В голове снова зашевелились мысли. Раз не добрался до Эльдорадо, попробую
смастерить его сам.
Тут и далекий греческий родич его мамаши по имени Аристотель прислал ему из
Греции, где все есть, приличный компьютер, да еще удалось подсесть на
интернетовское подключение богатого соседа. Случайный собеседник в каком-то
чате оказался компьютерным гением по фамилии Сарьян. И, после серии тестов --
попадание в "яблочко". Он -- в команде Сарьяна...
Слушай, старик, говорил Сарьян, мы делаем революцию: сначала в
программировании, потом в гастрономии, выпивоне и так далее. Нас надолго
запомнят, старик. От нас все пойдет быть, как от Ноя с его тварями,
приземлившимися на горе "Арарат". Для начала, мы, простые скифы и евроазиаты,
обставим америкашек из "Сан Микросистемс", потому что наш продукт получится
круче. Мы не оставим "засСАНцам" ни одного шанса. Кончится это тем, что
повсюду будут программировать на нашем языке, пить только коньяк "Арарат" и
водку "Московскую", никаких тебе виски и брэнди. Сарьян даже намекал, что за
спиной стоит таинственная организация, некая российская спецслужба,
контролирующая программистов и хакеров, готовая поддержать их всей
государственной мощью. И якобы америкашки уже наделали в штаны от страха за
свое темное будущее...
Год он проработал в команде Сарьяна, которая разрабатывала новый
революционный язык программирования. Ну, очень революционный, с зачатками
искусственного интеллекта, с так называемыми сценаристами --
самопрограммирующимися объектами. Но дело вязло еще в теории, спонсоры
отваливали по тихому один за другим, конкуренты из штатовской "Сан
Микросистемс" обсирали революционное начинание по полной программе. Он понял,
что поток его жизни изнашивается в очередной бессмысленной петле и ушел...
Америкашки может и наделали, но выгребать пришлось из Сережиных порток.

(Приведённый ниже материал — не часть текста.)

(* Let $S_f=\{f_i\ge 0: i=1,\ldots,m_1\}$ and $S_g=\{g_i\ge0: i=1,\ldots,m_2\}$ be two pure inequality sets in the variables $\mathbf{x}=(x_1,\ldots,x_n)$, and let $S_{f'}$ and $S_{g'}$ be minimal characterization sets of $S_f$ and $S_g$ respectively. If $S_f$ and $S_g$ are equivalent, then $S_{f'}$ and $S_{g'}$ are trivially equivalent.
   Context: An inequality set is a finite set $S=\{f_i\ge 0: i=1,\ldots,m\}$ with each $f_i$ a nonzero homogeneous linear polynomial in $\mathbf{x}$ with real coefficients; its solutions are the points of $\mathbb{R}^n$ satisfying all inequalities; a subset of $S$ is an inequality set whose polynomials form a subset of $\{f_1,\ldots,f_m\}$. The equality $f_k=0$ is an implied equality of $S$ if $f_k(\mathbf{x})=0$ for every solution of $S$; $S$ is pure if it has no implied equalities. Inequalities $f_1\ge0,\ldots,f_k\ge0$ imply $f\ge0$ if every $\mathbf{x}$ satisfying the former satisfies $f(\mathbf{x})\ge0$; an inequality of a set is redundant if implied by the other inequalities of the set. Two inequality sets are equivalent if they have the same solution set. A subset $S'$ of $S$ is a minimal characterization set of $S$ if $S'$ is equivalent to $S$ and contains no redundant inequality. Two inequalities $f\ge0$ and $g\ge 0$ are trivially equivalent if $f=c\,g$ for some real $c>0$. Two inequality sets $S_f, S_g$ are trivially equivalent if they have the same number of inequalities, every inequality of $S_f$ is trivially equivalent to some inequality of $S_g$, and every inequality of $S_g$ is trivially equivalent to some inequality of $S_f$. *)

theory Defs
  imports "HOL-Analysis.Analysis"
begin

text \<open>A nonzero homogeneous linear polynomial f(x) = a . x on R^n is represented by its
coefficient vector a :: real^'n (a \<noteq> 0). An inequality set is a finite set of such
coefficient vectors, each a standing for the inequality a . x \<ge> 0.\<close>

definition ineq_set :: "(real^'n) set \<Rightarrow> bool" where
  "ineq_set S \<longleftrightarrow> finite S \<and> (\<forall>a\<in>S. a \<noteq> 0)"

definition solutions :: "(real^'n) set \<Rightarrow> (real^'n) set" where
  "solutions S = {x. \<forall>a\<in>S. inner a x \<ge> 0}"

definition implied_equality :: "(real^'n) set \<Rightarrow> real^'n \<Rightarrow> bool" where
  "implied_equality S a \<longleftrightarrow> (\<forall>x\<in>solutions S. inner a x = 0)"

definition pure :: "(real^'n) set \<Rightarrow> bool" where
  "pure S \<longleftrightarrow> (\<forall>a\<in>S. \<not> implied_equality S a)"

definition ineq_implies :: "(real^'n) set \<Rightarrow> real^'n \<Rightarrow> bool" where
  "ineq_implies T f \<longleftrightarrow> (\<forall>x. (\<forall>b\<in>T. inner b x \<ge> 0) \<longrightarrow> inner f x \<ge> 0)"

definition redundant :: "(real^'n) set \<Rightarrow> real^'n \<Rightarrow> bool" where
  "redundant S a \<longleftrightarrow> a \<in> S \<and> ineq_implies (S - {a}) a"

definition equivalent :: "(real^'n) set \<Rightarrow> (real^'n) set \<Rightarrow> bool" where
  "equivalent S T \<longleftrightarrow> solutions S = solutions T"

definition minimal_characterization :: "(real^'n) set \<Rightarrow> (real^'n) set \<Rightarrow> bool" where
  "minimal_characterization S' S \<longleftrightarrow>
     S' \<subseteq> S \<and> equivalent S' S \<and> (\<forall>a\<in>S'. \<not> redundant S' a)"

definition triv_equiv_ineq :: "real^'n \<Rightarrow> real^'n \<Rightarrow> bool" where
  "triv_equiv_ineq f g \<longleftrightarrow> (\<exists>c::real. c > 0 \<and> f = c *\<^sub>R g)"

definition triv_equiv_sets :: "(real^'n) set \<Rightarrow> (real^'n) set \<Rightarrow> bool" where
  "triv_equiv_sets Sf Sg \<longleftrightarrow> card Sf = card Sg \<and>
     (\<forall>f\<in>Sf. \<exists>g\<in>Sg. triv_equiv_ineq f g) \<and>
     (\<forall>g\<in>Sg. \<exists>f\<in>Sf. triv_equiv_ineq f g)"

end

(* An irredundant inequality a.x \<ge> 0 of a pure set T defines a facet: moving from a strictly
   feasible point towards a point that violates only a.x \<ge> 0 yields z with a.z = 0 at which
   every other inequality of T is strict. Near z the solution cone is the halfspace a.x \<ge> 0, so
   an equivalent finite set T' has an inequality a'.x \<ge> 0 tight at z, and a'.x \<ge> 0 then holds
   on that whole halfspace, which forces a' to be a positive multiple of a. Applied in both
   directions this matches the two minimal characterizations; the matching is injective because
   two positive multiples of each other would make one of them redundant. *)
theory Submission
  imports Defs
begin

lemma nonneg_multiple_if_halfspace_subset:
  fixes a a' :: "'a::real_inner"
  assumes "\<And>v. 0 \<le> inner a v \<Longrightarrow> 0 \<le> inner a' v"
  shows "\<exists>c\<ge>0. a' = c *\<^sub>R a"
proof -
  define c where "c = inner a' a / inner a a" \<comment> \<open>for \<open>a = 0\<close> the junk value \<open>c = 0\<close> is the right one\<close>
  define v where "v = a' - c *\<^sub>R a"
  have "inner a v = 0"
    by (cases "a = 0") (simp_all add: v_def c_def inner_diff_right inner_commute)
  then have "inner a' v = 0"
    using assms[of v] assms[of "- v"] by simp
  with \<open>inner a v = 0\<close> have "inner v v = 0"
    by (simp add: v_def inner_diff_left)
  then have "a' = c *\<^sub>R a"
    by (simp add: v_def)
  moreover have "c \<ge> 0"
    using assms[of a] by (simp add: c_def)
  ultimately show ?thesis
    by blast
qed

lemma small_step_keeps_inner_pos:
  fixes T :: "'a::real_inner set"
  assumes "finite T" and "\<forall>b\<in>T. 0 < inner b z"
  shows "\<exists>s>0. \<forall>b\<in>T. 0 < inner b (z + s *\<^sub>R v)"
proof -
  have "\<forall>\<^sub>F s in at_right 0. 0 < inner b (z + s *\<^sub>R v)" if "b \<in> T" for b
  proof -
    have "((\<lambda>s. inner b (z + s *\<^sub>R v)) \<longlongrightarrow> inner b z) (at_right 0)"
      by (auto intro!: tendsto_eq_intros)
    then show ?thesis
      using assms(2) that by (auto dest: order_tendstoD(1))
  qed
  then have "\<forall>\<^sub>F s in at_right 0. 0 < s \<and> (\<forall>b\<in>T. 0 < inner b (z + s *\<^sub>R v))"
    using assms(1) by (intro eventually_conj eventually_at_right_less eventually_ball_finite) auto
  then show ?thesis
    using eventually_happens' trivial_limit_at_right_real by blast
qed

lemma pure_imp_strictly_feasible:
  fixes S :: "(real^'n) set"
  assumes "finite S" and "pure S"
  shows "\<exists>x. \<forall>b\<in>S. 0 < inner b x"
proof -
  obtain X where X: "\<And>a. a \<in> S \<Longrightarrow> X a \<in> solutions S \<and> inner a (X a) \<noteq> 0"
    using assms(2) unfolding pure_def implied_equality_def by metis
  have "0 < inner b (\<Sum>a\<in>S. X a)" if "b \<in> S" for b
  proof -
    have "0 < inner b (X b)"
      using X[OF that] that unfolding solutions_def by force
    also have "\<dots> \<le> (\<Sum>a\<in>S. inner b (X a))"
      using X assms(1) that unfolding solutions_def by (intro member_le_sum) auto
    finally show ?thesis
      by (simp add: inner_sum_right)
  qed
  then show ?thesis
    by blast
qed

lemma irredundant_facet_point:
  fixes T :: "(real^'n) set"
  assumes "\<forall>b\<in>T. 0 < inner b x" and "a \<in> T" and "\<not> ineq_implies (T - {a}) a"
  obtains z where "inner a z = 0" and "\<forall>b\<in>T - {a}. 0 < inner b z"
proof -
  obtain y where y: "\<forall>b\<in>T - {a}. 0 \<le> inner b y" and "inner a y < 0"
    using assms(3) unfolding ineq_implies_def by force
  have "0 < inner a x"
    using assms(1,2) by blast
  define t where "t = inner a x / (inner a x - inner a y)"
  have "0 < t" "t < 1"
    using \<open>0 < inner a x\<close> \<open>inner a y < 0\<close> by (auto simp: t_def field_simps)
  define z where "z = (1 - t) *\<^sub>R x + t *\<^sub>R y"
  have "inner a z = (1 - t) * inner a x + t * inner a y"
    by (simp add: z_def inner_add_right)
  also have "\<dots> = 0"
    using \<open>0 < inner a x\<close> \<open>inner a y < 0\<close> by (simp add: t_def field_simps)
  finally have "inner a z = 0" .
  moreover have "0 < inner b z" if "b \<in> T - {a}" for b
    using assms(1) y that \<open>0 < t\<close> \<open>t < 1\<close>
    by (simp add: z_def inner_add_right add_pos_nonneg)
  ultimately show ?thesis
    using that by blast
qed

lemma exists_tight_constraint:
  fixes T T' :: "(real^'n) set"
  assumes "finite T'" and "solutions T' = solutions T"
    and "a \<in> T" and "a \<noteq> 0" and "z \<in> solutions T" and "inner a z = 0"
  shows "\<exists>a'\<in>T'. inner a' z = 0"
proof (rule ccontr)
  assume "\<not> ?thesis"
  moreover have "\<forall>a'\<in>T'. 0 \<le> inner a' z"
    using assms(2,5) unfolding solutions_def by blast
  ultimately have "\<forall>a'\<in>T'. 0 < inner a' z"
    by (auto simp: less_le)
  then obtain s where "0 < s" and "\<forall>a'\<in>T'. 0 < inner a' (z + s *\<^sub>R - a)"
    using small_step_keeps_inner_pos[OF assms(1)] by blast
  then have "z + s *\<^sub>R - a \<in> solutions T"
    using assms(2) unfolding solutions_def by (auto intro: less_imp_le)
  then have "0 \<le> inner a (z + s *\<^sub>R - a)"
    using assms(3) unfolding solutions_def by blast
  moreover have "inner a (z + s *\<^sub>R - a) < 0"
    using assms(4,6) \<open>0 < s\<close> by (simp add: inner_diff_right)
  ultimately show False
    by linarith
qed

lemma facet_point_step_in_halfspace:
  fixes T :: "(real^'n) set"
  assumes "finite T" and "inner a z = 0" and "\<forall>b\<in>T - {a}. 0 < inner b z"
    and "0 \<le> inner a v"
  obtains s where "0 < s" and "z + s *\<^sub>R v \<in> solutions T"
proof -
  obtain s where "0 < s" and s: "\<forall>b\<in>T - {a}. 0 < inner b (z + s *\<^sub>R v)"
    using small_step_keeps_inner_pos[of "T - {a}"] assms(1,3) by blast
  have "0 \<le> inner a (z + s *\<^sub>R v)"
    using assms(2,4) \<open>0 < s\<close> by (simp add: inner_add_right)
  with s have "z + s *\<^sub>R v \<in> solutions T"
    unfolding solutions_def by (auto intro: less_imp_le)
  with \<open>0 < s\<close> show ?thesis
    using that by blast
qed

lemma irredundant_has_positive_multiple:
  fixes T T' :: "(real^'n) set"
  assumes "finite T" and "\<forall>b\<in>T. 0 < inner b x" and "a \<in> T"
    and "\<not> ineq_implies (T - {a}) a"
    and "ineq_set T'" and "solutions T' = solutions T"
  shows "\<exists>a'\<in>T'. triv_equiv_ineq a' a"
proof -
  have "a \<noteq> 0"
    using assms(2,3) by fastforce
  obtain z where az: "inner a z = 0" and bz: "\<forall>b\<in>T - {a}. 0 < inner b z"
    using irredundant_facet_point assms(2-4) by blast
  then have "z \<in> solutions T"
    unfolding solutions_def by (force intro: less_imp_le)
  then obtain a' where "a' \<in> T'" and a'z: "inner a' z = 0"
    using exists_tight_constraint[OF _ assms(6,3) \<open>a \<noteq> 0\<close> _ az] assms(5)
    unfolding ineq_set_def by blast
  have "0 \<le> inner a' v" if av: "0 \<le> inner a v" for v
  proof -
    obtain s where "0 < s" and "z + s *\<^sub>R v \<in> solutions T'"
      using facet_point_step_in_halfspace[OF assms(1) az bz av] assms(6) by metis
    then have "0 \<le> inner a' (z + s *\<^sub>R v)"
      using \<open>a' \<in> T'\<close> unfolding solutions_def by blast
    with a'z \<open>0 < s\<close> show ?thesis
      by (simp add: inner_add_right zero_le_mult_iff)
  qed
  then have "\<exists>c\<ge>0. a' = c *\<^sub>R a"
    by (rule nonneg_multiple_if_halfspace_subset)
  then obtain c where "c \<ge> 0" and a'_eq: "a' = c *\<^sub>R a"
    by blast
  moreover have "a' \<noteq> 0"
    using assms(5) \<open>a' \<in> T'\<close> unfolding ineq_set_def by blast
  ultimately have "c > 0"
    by auto
  with a'_eq \<open>a' \<in> T'\<close> show ?thesis
    unfolding triv_equiv_ineq_def by blast
qed

lemma redundant_if_positive_multiple:
  fixes S :: "(real^'n) set"
  assumes "f \<in> S" and "g \<in> S" and "f \<noteq> g" and "triv_equiv_ineq f g"
  shows "redundant S f"
  using assms unfolding redundant_def ineq_implies_def triv_equiv_ineq_def
  by auto

lemma triv_equiv_ineq_sym:
  fixes f g :: "real^'n"
  assumes "triv_equiv_ineq f g"
  shows "triv_equiv_ineq g f"
proof -
  obtain c where "c > 0" and "f = c *\<^sub>R g"
    using assms unfolding triv_equiv_ineq_def by blast
  then have "1 / c > 0" and "g = (1 / c) *\<^sub>R f"
    by auto
  then show ?thesis
    unfolding triv_equiv_ineq_def by blast
qed

lemma triv_equiv_ineq_trans:
  fixes f g h :: "real^'n"
  assumes "triv_equiv_ineq f g" and "triv_equiv_ineq g h"
  shows "triv_equiv_ineq f h"
  using assms unfolding triv_equiv_ineq_def by (metis mult_pos_pos scaleR_scaleR)

lemma card_le_if_irredundant_multiples:
  fixes A B :: "(real^'n) set"
  assumes "finite B" and "\<forall>f\<in>A. \<exists>g\<in>B. triv_equiv_ineq f g"
    and "\<forall>f\<in>A. \<not> redundant A f"
  shows "card A \<le> card B"
proof -
  obtain h where h: "\<And>f. f \<in> A \<Longrightarrow> h f \<in> B \<and> triv_equiv_ineq f (h f)"
    using assms(2) by metis
  have "inj_on h A"
  proof (rule inj_onI)
    fix f1 f2
    assume "f1 \<in> A" "f2 \<in> A" "h f1 = h f2"
    then have "triv_equiv_ineq f1 f2"
      using h triv_equiv_ineq_sym triv_equiv_ineq_trans by metis
    then show "f1 = f2"
      using redundant_if_positive_multiple assms(3) \<open>f1 \<in> A\<close> \<open>f2 \<in> A\<close> by blast
  qed
  moreover have "h ` A \<subseteq> B"
    using h by blast
  ultimately show ?thesis
    using card_inj_on_le assms(1) by blast
qed

lemma minimal_characterizations_positive_multiples:
  fixes Sf Sg Sf' Sg' :: "(real^'n) set"
  assumes "ineq_set Sf" and "ineq_set Sg" and "pure Sf"
    and "minimal_characterization Sf' Sf" and "minimal_characterization Sg' Sg"
    and "equivalent Sf Sg"
  shows "\<forall>f\<in>Sf'. \<exists>g\<in>Sg'. triv_equiv_ineq g f"
proof
  fix f
  assume "f \<in> Sf'"
  have "finite Sf" and "Sf' \<subseteq> Sf" and "Sg' \<subseteq> Sg"
    using assms(1,4,5) unfolding ineq_set_def minimal_characterization_def by auto
  then have "finite Sf'" and "ineq_set Sg'"
    using assms(2) finite_subset unfolding ineq_set_def by blast+
  obtain x where "\<forall>b\<in>Sf. 0 < inner b x"
    using pure_imp_strictly_feasible \<open>finite Sf\<close> assms(3) by blast
  moreover have "solutions Sg' = solutions Sf'"
    using assms(4-6) unfolding minimal_characterization_def equivalent_def by simp
  moreover have "\<not> ineq_implies (Sf' - {f}) f"
    using assms(4) \<open>f \<in> Sf'\<close> unfolding minimal_characterization_def redundant_def by blast
  ultimately show "\<exists>g\<in>Sg'. triv_equiv_ineq g f"
    using irredundant_has_positive_multiple \<open>finite Sf'\<close> \<open>Sf' \<subseteq> Sf\<close> \<open>f \<in> Sf'\<close>
      \<open>ineq_set Sg'\<close>
    by (metis subsetD)
qed

theorem theorem4:
  fixes Sf Sg Sf' Sg' :: "(real^'n) set"
  assumes "ineq_set Sf" and "ineq_set Sg"
    and "pure Sf" and "pure Sg"
    and "minimal_characterization Sf' Sf"
    and "minimal_characterization Sg' Sg"
    and "equivalent Sf Sg"
  shows "triv_equiv_sets Sf' Sg'"
proof -
  have "equivalent Sg Sf"
    using assms(7) unfolding equivalent_def by simp
  then have fg: "\<forall>f\<in>Sf'. \<exists>g\<in>Sg'. triv_equiv_ineq f g"
    and gf: "\<forall>g\<in>Sg'. \<exists>f\<in>Sf'. triv_equiv_ineq g f"
    using minimal_characterizations_positive_multiples[OF assms(1,2,3,5,6,7)]
      minimal_characterizations_positive_multiples[OF assms(2,1,4,6,5)]
      triv_equiv_ineq_sym by blast+
  have "finite Sf'" and "finite Sg'"
    using assms(1,2,5,6) finite_subset
    unfolding ineq_set_def minimal_characterization_def by blast+
  moreover have "\<forall>f\<in>Sf'. \<not> redundant Sf' f" and "\<forall>g\<in>Sg'. \<not> redundant Sg' g"
    using assms(5,6) unfolding minimal_characterization_def by blast+
  ultimately have "card Sf' = card Sg'"
    using card_le_if_irredundant_multiples fg gf by (metis le_antisym)
  then show ?thesis
    unfolding triv_equiv_sets_def using fg gf triv_equiv_ineq_sym by blast
qed

end
(* Let $\Gamma=(G,\sigma)$ be a signed graph with vertex set $V_G = V_1\sqcup V_2\sqcup V$, where $|V_1|=|V_2|=m\ge 1$ and $|V|=d$. Assume: (1) there is an integer $\ell$ such that $d^{\pm}_1(v)-d^{\pm}_2(v)=\ell$ for every $v\in V_1$ and $d^{\pm}_2(u)-d^{\pm}_1(u)=\ell$ for every $u\in V_2$; (2) every $v\in V$ satisfies one of: (a) $d^+_1(v)=m$ and $d^-_1(v)=d^+_2(v)=d^-_2(v)=0$, or the same with the roles of $V_1,V_2$ exchanged; (b) $d^-_1(v)=m$ and $d^+_1(v)=d^+_2(v)=d^-_2(v)=0$, or the same with the roles of $V_1,V_2$ exchanged; (c) $d^{\pm}_1(v)=d^{\pm}_2(v)$; (d) $d^+_1(v)=d^-_2(v)=m$, or the same with the roles of $V_1,V_2$ exchanged. Define $\Gamma'$ on the same vertex set by keeping all edges with both endpoints in $V_1\cup V_2$ or both in $V$, and, for each $v\in V$: in case (a), deleting the $m$ positive edges from $v$ to $V_1$ (resp. $V_2$) and joining $v$ by positive edges to all vertices of $V_2$ (resp. $V_1$); in case (b), deleting the $m$ negative edges from $v$ to $V_1$ (resp. $V_2$) and joining $v$ by negative edges to all vertices of $V_2$ (resp. $V_1$); in case (c), leaving the edges from $v$ unchanged; in case (d), reversing the sign of all $2m$ edges from $v$ to $V_1\cup V_2$ (so $v$ becomes joined negatively to the part it was joined to positively, and positively to the other). Then $\Gamma$ and $\Gamma'$ are cospectral.
   Context: A signed graph $\Gamma=(G,\sigma)$ is a simple finite graph $G=(V_G,E_G)$ with a map $\sigma:E_G\to\{+1,-1\}$. Its adjacency matrix $A_\Gamma=(a_{uv})$ is the symmetric matrix with $a_{uv}=\sigma(uv)$ if $u,v$ are adjacent and $a_{uv}=0$ otherwise; two signed graphs are cospectral if their adjacency matrices have the same characteristic polynomial. For a vertex $v$ and $i\in\{1,2\}$, $d^+_i(v)$ (resp. $d^-_i(v)$) is the number of positive (resp. negative) edges joining $v$ to vertices of $V_i$, and $d^{\pm}_i(v)=d^+_i(v)-d^-_i(v)$. *)

theory Defs
  imports "Jordan_Normal_Form.Char_Poly"
begin

(* A signed graph on the vertex set {0..<n}: sg u v = sigma(uv) if uv is an edge,
   sg u v = 0 otherwise. *)
definition signed_graph :: "nat \<Rightarrow> (nat \<Rightarrow> nat \<Rightarrow> int) \<Rightarrow> bool" where
  "signed_graph n sg \<longleftrightarrow>
     (\<forall>u v. sg u v \<in> {-1, 0, 1}) \<and> (\<forall>u v. sg u v = sg v u) \<and> (\<forall>u. sg u u = 0)
     \<and> (\<forall>u v. (u \<ge> n \<or> v \<ge> n) \<longrightarrow> sg u v = 0)"

definition adj_mat :: "nat \<Rightarrow> (nat \<Rightarrow> nat \<Rightarrow> int) \<Rightarrow> int mat" where
  "adj_mat n sg = mat n n (\<lambda>(i, j). sg i j)"

definition cospectral :: "nat \<Rightarrow> (nat \<Rightarrow> nat \<Rightarrow> int) \<Rightarrow> (nat \<Rightarrow> nat \<Rightarrow> int) \<Rightarrow> bool" where
  "cospectral n sg sg' \<longleftrightarrow> char_poly (adj_mat n sg) = char_poly (adj_mat n sg')"

definition dplus :: "nat set \<Rightarrow> (nat \<Rightarrow> nat \<Rightarrow> int) \<Rightarrow> nat \<Rightarrow> nat" where
  "dplus S sg v = card {u \<in> S. sg v u = 1}"

definition dminus :: "nat set \<Rightarrow> (nat \<Rightarrow> nat \<Rightarrow> int) \<Rightarrow> nat \<Rightarrow> nat" where
  "dminus S sg v = card {u \<in> S. sg v u = -1}"

definition dpm :: "nat set \<Rightarrow> (nat \<Rightarrow> nat \<Rightarrow> int) \<Rightarrow> nat \<Rightarrow> int" where
  "dpm S sg v = int (dplus S sg v) - int (dminus S sg v)"

definition case_a :: "nat set \<Rightarrow> nat set \<Rightarrow> nat \<Rightarrow> (nat \<Rightarrow> nat \<Rightarrow> int) \<Rightarrow> nat \<Rightarrow> bool" where
  "case_a A B m sg v \<longleftrightarrow> dplus A sg v = m \<and> dminus A sg v = 0 \<and> dplus B sg v = 0 \<and> dminus B sg v = 0"

definition case_b :: "nat set \<Rightarrow> nat set \<Rightarrow> nat \<Rightarrow> (nat \<Rightarrow> nat \<Rightarrow> int) \<Rightarrow> nat \<Rightarrow> bool" where
  "case_b A B m sg v \<longleftrightarrow> dminus A sg v = m \<and> dplus A sg v = 0 \<and> dplus B sg v = 0 \<and> dminus B sg v = 0"

definition case_c :: "nat set \<Rightarrow> nat set \<Rightarrow> (nat \<Rightarrow> nat \<Rightarrow> int) \<Rightarrow> nat \<Rightarrow> bool" where
  "case_c A B sg v \<longleftrightarrow> dpm A sg v = dpm B sg v"

definition case_d :: "nat set \<Rightarrow> nat set \<Rightarrow> nat \<Rightarrow> (nat \<Rightarrow> nat \<Rightarrow> int) \<Rightarrow> nat \<Rightarrow> bool" where
  "case_d A B m sg v \<longleftrightarrow> dplus A sg v = m \<and> dminus B sg v = m"

end

theory Submission
  imports Defs
begin

text \<open>
  Let \<open>w = 1\<^sub>V\<^sub>1 - 1\<^sub>V\<^sub>2\<close>, so \<open>w \<bullet> w = 2m\<close>, and let \<open>Q = I - w w\<^sup>T / m\<close> be the reflection
  in the hyperplane orthogonal to \<open>w\<close>; \<open>Q\<close> is an involution, so \<open>Q A Q\<close> is similar to \<open>A\<close>.
  Conjugation by \<open>Q\<close> leaves the block on \<open>V\<close> alone, and condition (1) says that \<open>A w = \<ell> w\<close>
  on \<open>V\<^sub>1 \<union> V\<^sub>2\<close>, which makes the block on \<open>V\<^sub>1 \<union> V\<^sub>2\<close> invariant as well. For \<open>v \<in> V\<close> the row of
  \<open>v\<close> towards \<open>V\<^sub>1 \<union> V\<^sub>2\<close> changes by \<open>-(A w)\<^sub>v w\<^sup>T / m\<close>: in case (c) \<open>(A w)\<^sub>v = 0\<close>, and in
  cases (a), (b), (d) the row is constant on \<open>V\<^sub>1\<close> and on \<open>V\<^sub>2\<close> and the update swaps the two
  constants. This is exactly the rewiring producing \<open>\<Gamma>'\<close>, so \<open>A\<^sub>\<Gamma>\<^sub>' = Q A\<^sub>\<Gamma> Q\<close>.
\<close>

text \<open>For \<open>w = 0\<close> the division by zero makes this the identity matrix.\<close>

definition reflection_mat :: "nat \<Rightarrow> (nat \<Rightarrow> 'a::field) \<Rightarrow> 'a mat" where
  "reflection_mat n w =
     mat n n (\<lambda>(i, j). of_bool (i = j) - 2 * w i * w j / (\<Sum>k = 0..<n. w k * w k))"

lemma reflection_mat_carrier [simp]: "reflection_mat n w \<in> carrier_mat n n"
  by (simp add: reflection_mat_def)

lemma sum_of_bool_eq_minus_mult:
  fixes f :: "nat \<Rightarrow> 'a::comm_ring_1"
  assumes "i < n"
  shows "(\<Sum>k = 0..<n. (of_bool (i = k) - c * g k) * f k) = f i - c * (\<Sum>k = 0..<n. g k * f k)"
proof -
  have "{0..<n} \<inter> {k. i = k} = {i}" using assms by auto
  then show ?thesis by (simp add: left_diff_distrib sum_subtractf sum_distrib_left mult.assoc)
qed

lemma index_reflection_mult_mat:
  assumes "A \<in> carrier_mat n n" "i < n" "j < n"
  shows "(reflection_mat n w * A) $$ (i, j) =
           A $$ (i, j) - 2 * w i / (\<Sum>k = 0..<n. w k * w k) * (\<Sum>k = 0..<n. w k * A $$ (k, j))"
proof -
  have "(reflection_mat n w * A) $$ (i, j) =
          (\<Sum>k = 0..<n. (of_bool (i = k) - 2 * w i / (\<Sum>k = 0..<n. w k * w k) * w k) * A $$ (k, j))"
    using assms by (simp add: reflection_mat_def scalar_prod_def)
  also have "\<dots> = A $$ (i, j) - 2 * w i / (\<Sum>k = 0..<n. w k * w k) * (\<Sum>k = 0..<n. w k * A $$ (k, j))"
    using assms(2) by (rule sum_of_bool_eq_minus_mult)
  finally show ?thesis .
qed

А намедни он прочитал в солидном глянцевом журнале "Wireless" статью про
героев-программистов. Не статью, а настоящую оду со сладкими подвываниями.
Группа Сарьяна-таки сделала революцию в программировании, и заодно перебралась
в Гамбург, под крылышко "Сименса", так что "Сан Микросистемс" действительно
просрала игру. Новый язык, именуемый, между прочим, "Арарат", в основном
создан, и властители программного обеспечения бьются до рвоты за право
отхватить лицензию на эту "вершину программного мира". Однако теперь это его
совсем не касается... Наверное жизнь прожита давным-давно и совершенно даром,
вместо замечательного программного кода получилась использованная туалетная
бумага. Собственно, от этой фразы даже становится легче. А у кого недаром?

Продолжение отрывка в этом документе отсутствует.